I highlight this difference and will continue to do so because it reflects the essential point of this piece; ideology, and it’s inevitable place spellbinding us in various artistic mediums. While I do not harbor any reactionary sentiment towards the heroic culture of old, understanding the contrasting functions which these two manifestations of story-telling is essential to understanding that cinema has become a medium of irrational individualism, as have most artistic ambitions in the framework of Capital.

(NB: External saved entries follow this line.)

(* Let $\alpha:U\to V$ be a surjective transmission between commutative supertropical monoids, $M:=eU$, $N:=eV$, and $\gamma:=\alpha^\nu:M\to N$. (i) There exists a factorization $\alpha=\mu\circ\beta\circ\lambda$ with $\lambda$ an ideal compression of $U$, $\beta$ a strict ghost contraction, and $\mu$ a tangible fiber contraction over $N$. (ii) The factorization is essentially unique: if $\alpha=\mu'\circ\beta'\circ\lambda'$ is a second such factorization, then there exist isomorphisms of supertropical monoids $\rho$ over $M$ and $\sigma$ over $N$ such that $\lambda'=\rho\lambda$, $\mu'=\mu\sigma^{-1}$, $\beta'=\sigma\beta\rho^{-1}$. (iii) In particular one can choose $\lambda=\pi_{E(U,\mathfrak A)}:U\to\bar U:=U/E(U,\mathfrak A)$ with $\mathfrak A:=\mathfrak A_\alpha$ the ghost kernel of $\alpha$, $\beta=\pi_{F(\bar U,\gamma)}:\bar U\to W:=\bar U/F(\bar U,\gamma)$, and $\mu:W\to V$ the resulting tangible fiber contraction over $N$ with $\alpha=\mu\beta\lambda$.
   Context: All monoids are commutative. A supertropical monoid is a monoid $(U,\cdot)$ with absorbing element $0$ and distinguished idempotent $e$ with $ex=0\Rightarrow x=0$, together with a total ordering on $M:=eU$, compatible with multiplication and with $0$ least, making $M$ a bipotent semiring (addition $=\max$). Tangible elements: $\mathcal T(U):=U\setminus eU$. A transmission $\alpha:U\to V$ is a map with $\alpha(0)=0$, $\alpha(1)=1$, $\alpha(xy)=\alpha(x)\alpha(y)$, $\alpha(e_U)=e_V$, and order-preserving on $eU$; its ghost part $\alpha^\nu:eU\to eV$ is its restriction; ghost kernel $\mathfrak A_\alpha:=\{x:\alpha(x)\in eV\}$, zero kernel $\mathfrak z_\alpha:=\alpha^{-1}(0)$. An isomorphism over $M$ is an isomorphism whose ghost part is the identity of $M$. A fiber contraction is a surjective transmission whose ghost part is an isomorphism; it is "over $M$" if $eV=eU=M$ and the ghost part is $\mathrm{id}_M$. An ideal compression is a fiber contraction over $M$ mapping $U\setminus\mathfrak A_\alpha$ bijectively onto $V\setminus N=\mathcal T(V)$. A transmission is tangible if $\alpha(\mathcal T(U))\subset\mathcal T(V)\cup\{0\}$. A ghost contraction is a transmission $\alpha$ whose ghost part maps $M$ onto $N$ and which maps $U\setminus(M\cup\mathfrak z_\alpha)$ bijectively onto $\mathcal T(V)$; it is strict if $\alpha^{-1}(0)\subset M$. For an equivalence relation $E$ on $U$ that is a TE-relation (multiplicative, order compatible on $M$, and $ex\sim_E0\Rightarrow x\sim_E0$), $U/E$ carries the unique supertropical monoid structure making $\pi_E:x\mapsto[x]_E$ a transmission. For an ideal $\mathfrak A\supseteq M$ of $U$, $E(U,\mathfrak A)$ is the TE-relation: $x\sim y$ iff $x=y$, or $x,y\in\mathfrak A$ and $ex=ey$; the ghost ideal of $U/E(U,\mathfrak A)$ is identified with $M$. For a surjective semiring homomorphism $\gamma:M\to N$, $F(U,\gamma)$ is the TE-relation: $x\sim y$ iff $x=y$, or $x,y\in M$ with $\gamma(x)=\gamma(y)$, or $\gamma(ex)=\gamma(ey)=0$; the ghost ideal of $U/F(U,\gamma)$ is identified with $N$. *)

theory Defs
  imports Main
begin
text \<open>Parameters: Wt l i j is the (i,j) entry of the weight matrix of layer l,
  b l i the i-th entry of the bias of layer l (i, j starting at 0).\<close>
definition in_Phi ::
  "nat \<Rightarrow> nat \<Rightarrow> nat \<Rightarrow> nat \<Rightarrow> real \<Rightarrow> (nat \<Rightarrow> nat \<Rightarrow> nat \<Rightarrow> real) \<Rightarrow> (nat \<Rightarrow> nat \<Rightarrow> real) \<Rightarrow> bool" where
  "in_Phi d L W S B Wt b \<longleftrightarrow>
     (\<forall>l\<in>{1..L}. \<forall>i<out_dim L W l. \<forall>j<in_dim W d l. \<bar>Wt l i j\<bar> \<le> B) \<and>
     (\<forall>l\<in>{1..L}. \<forall>i<out_dim L W l. \<bar>b l i\<bar> \<le> B) \<and>
     card {(l,i,j). l \<in> {1..L} \<and> i < out_dim L W l \<and> j < in_dim W d l \<and> Wt l i j \<noteq> 0}
       + card {(l,i). l \<in> {1..L} \<and> i < out_dim L W l \<and> b l i \<noteq> 0} \<le> S"

text \<open>Network evaluation: net d W Wt b k x i is the i-th component of F_k(x),
  where x : R^d is represented as a function nat => real (only x 0..x (d-1) used).\<close>
fun net :: "nat \<Rightarrow> nat \<Rightarrow> (nat \<Rightarrow> nat \<Rightarrow> nat \<Rightarrow> real) \<Rightarrow> (nat \<Rightarrow> nat \<Rightarrow> real) \<Rightarrow> nat \<Rightarrow> (nat \<Rightarrow> real) \<Rightarrow> nat \<Rightarrow> real" where
  "net d W Wt b 0 x i = 0"
| "net d W Wt b (Suc 0) x i = (\<Sum>j<d. Wt 1 i j * x j) + b 1 i"
| "net d W Wt b (Suc (Suc k)) x i =
     (\<Sum>j<W. Wt (Suc (Suc k)) i j * eta3 (net d W Wt b (Suc k) x j)) + b (Suc (Suc k)) i"

definition jac :: "((nat \<Rightarrow> real) \<Rightarrow> nat \<Rightarrow> real) \<Rightarrow> (nat \<Rightarrow> real) \<Rightarrow> nat \<Rightarrow> nat \<Rightarrow> real" where
  "jac F x i j = deriv (\<lambda>t. F (x(j := x j + t)) i) 0"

If we are not yet prepared to begin the task of destroying the protagonist, which is something I would not hesitate to admit, then we must at least be honest with ourselves relative to the function of the protagonist in modern cinema. The pieces which will follow this, I hope, can serve as a catalyst for this necessary dialogue, which has considerably waned in intensity since the days of Lacan and Althusser, having only been recently employed by the likes of Slavoj Zizek, who’s clumsy analysis of it all has sent us looking further into the darkness. And while one has to begrudgingly admire Zizek for such efforts amidst the grim, lifeless state which academic study towards the subject is in, we simply have to push further towards a new, proletarian understanding of film, and art in general.